(Stored data entries)
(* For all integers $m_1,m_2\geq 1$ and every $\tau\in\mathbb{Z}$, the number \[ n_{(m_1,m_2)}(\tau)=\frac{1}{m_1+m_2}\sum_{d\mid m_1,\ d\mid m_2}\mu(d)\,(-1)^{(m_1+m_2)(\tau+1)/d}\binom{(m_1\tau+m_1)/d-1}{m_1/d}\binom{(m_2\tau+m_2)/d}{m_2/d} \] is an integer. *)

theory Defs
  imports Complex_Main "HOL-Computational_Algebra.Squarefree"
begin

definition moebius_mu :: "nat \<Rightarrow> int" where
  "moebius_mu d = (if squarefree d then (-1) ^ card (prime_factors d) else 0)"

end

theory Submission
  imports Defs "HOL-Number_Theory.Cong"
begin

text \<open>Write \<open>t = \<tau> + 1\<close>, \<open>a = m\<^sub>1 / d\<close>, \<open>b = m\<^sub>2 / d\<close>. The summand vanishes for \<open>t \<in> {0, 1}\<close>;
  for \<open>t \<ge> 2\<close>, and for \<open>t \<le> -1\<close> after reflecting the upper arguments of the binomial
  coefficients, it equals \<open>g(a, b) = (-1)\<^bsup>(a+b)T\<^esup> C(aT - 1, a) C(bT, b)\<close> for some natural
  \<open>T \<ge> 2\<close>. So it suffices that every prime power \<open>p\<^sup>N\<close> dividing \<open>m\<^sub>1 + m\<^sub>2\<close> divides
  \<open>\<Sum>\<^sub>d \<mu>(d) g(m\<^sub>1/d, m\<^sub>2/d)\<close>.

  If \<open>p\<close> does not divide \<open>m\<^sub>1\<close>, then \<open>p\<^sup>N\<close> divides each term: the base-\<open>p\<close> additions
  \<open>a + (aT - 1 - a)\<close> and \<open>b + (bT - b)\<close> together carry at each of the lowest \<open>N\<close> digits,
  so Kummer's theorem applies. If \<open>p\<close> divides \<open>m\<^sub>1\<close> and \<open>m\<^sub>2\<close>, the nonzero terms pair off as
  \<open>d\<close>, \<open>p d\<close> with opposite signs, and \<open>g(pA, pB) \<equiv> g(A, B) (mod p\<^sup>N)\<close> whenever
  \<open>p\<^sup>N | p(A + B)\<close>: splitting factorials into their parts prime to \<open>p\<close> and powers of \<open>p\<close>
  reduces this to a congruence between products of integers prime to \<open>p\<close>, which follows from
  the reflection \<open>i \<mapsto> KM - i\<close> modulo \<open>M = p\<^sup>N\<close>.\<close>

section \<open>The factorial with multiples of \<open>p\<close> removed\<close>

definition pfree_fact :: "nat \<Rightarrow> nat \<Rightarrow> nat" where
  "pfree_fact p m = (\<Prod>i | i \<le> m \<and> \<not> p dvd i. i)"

--

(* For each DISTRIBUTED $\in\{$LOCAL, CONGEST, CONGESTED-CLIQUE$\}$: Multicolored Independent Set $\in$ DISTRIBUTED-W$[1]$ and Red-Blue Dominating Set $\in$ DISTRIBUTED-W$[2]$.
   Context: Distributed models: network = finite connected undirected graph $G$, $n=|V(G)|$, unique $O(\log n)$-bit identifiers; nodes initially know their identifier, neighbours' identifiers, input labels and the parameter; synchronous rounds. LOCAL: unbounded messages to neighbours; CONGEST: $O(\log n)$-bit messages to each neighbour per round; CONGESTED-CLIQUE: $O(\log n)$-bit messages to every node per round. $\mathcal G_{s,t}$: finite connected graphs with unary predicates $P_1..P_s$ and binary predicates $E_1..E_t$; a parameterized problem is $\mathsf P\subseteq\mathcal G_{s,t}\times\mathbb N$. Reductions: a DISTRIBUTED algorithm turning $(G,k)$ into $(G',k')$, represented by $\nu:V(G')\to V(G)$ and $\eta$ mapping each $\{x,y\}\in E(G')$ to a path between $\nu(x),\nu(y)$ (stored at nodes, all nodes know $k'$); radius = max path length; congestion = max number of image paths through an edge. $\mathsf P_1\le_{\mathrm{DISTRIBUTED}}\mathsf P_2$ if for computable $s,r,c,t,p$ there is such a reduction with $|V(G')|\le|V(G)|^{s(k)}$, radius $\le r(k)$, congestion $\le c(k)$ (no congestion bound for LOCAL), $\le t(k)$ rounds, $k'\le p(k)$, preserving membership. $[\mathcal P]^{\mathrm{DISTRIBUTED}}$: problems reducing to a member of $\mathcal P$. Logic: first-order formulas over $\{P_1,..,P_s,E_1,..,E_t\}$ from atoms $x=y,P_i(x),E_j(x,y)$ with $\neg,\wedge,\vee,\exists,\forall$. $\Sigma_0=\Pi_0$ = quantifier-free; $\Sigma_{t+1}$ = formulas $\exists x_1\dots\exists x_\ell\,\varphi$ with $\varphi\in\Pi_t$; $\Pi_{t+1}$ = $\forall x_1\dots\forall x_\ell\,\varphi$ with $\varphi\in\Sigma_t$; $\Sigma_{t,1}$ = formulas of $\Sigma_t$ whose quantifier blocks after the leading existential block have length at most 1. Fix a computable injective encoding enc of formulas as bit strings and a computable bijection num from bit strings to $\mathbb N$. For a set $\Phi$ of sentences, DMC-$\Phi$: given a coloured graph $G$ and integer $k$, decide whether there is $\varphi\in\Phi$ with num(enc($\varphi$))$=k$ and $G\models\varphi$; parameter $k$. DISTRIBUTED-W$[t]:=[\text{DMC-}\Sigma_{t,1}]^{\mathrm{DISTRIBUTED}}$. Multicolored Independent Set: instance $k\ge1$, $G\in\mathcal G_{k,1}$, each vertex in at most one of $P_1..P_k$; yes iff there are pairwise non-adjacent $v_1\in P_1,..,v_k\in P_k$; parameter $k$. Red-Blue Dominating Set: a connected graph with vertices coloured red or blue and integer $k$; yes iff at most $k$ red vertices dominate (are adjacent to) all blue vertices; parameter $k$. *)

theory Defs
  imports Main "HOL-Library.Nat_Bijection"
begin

## Assignment
Among the lines above, find those containing the word "definition" and copy each.

## Task output
definition moebius_mu :: "nat \<Rightarrow> int" where
definition pfree_fact :: "nat \<Rightarrow> nat \<Rightarrow> nat" where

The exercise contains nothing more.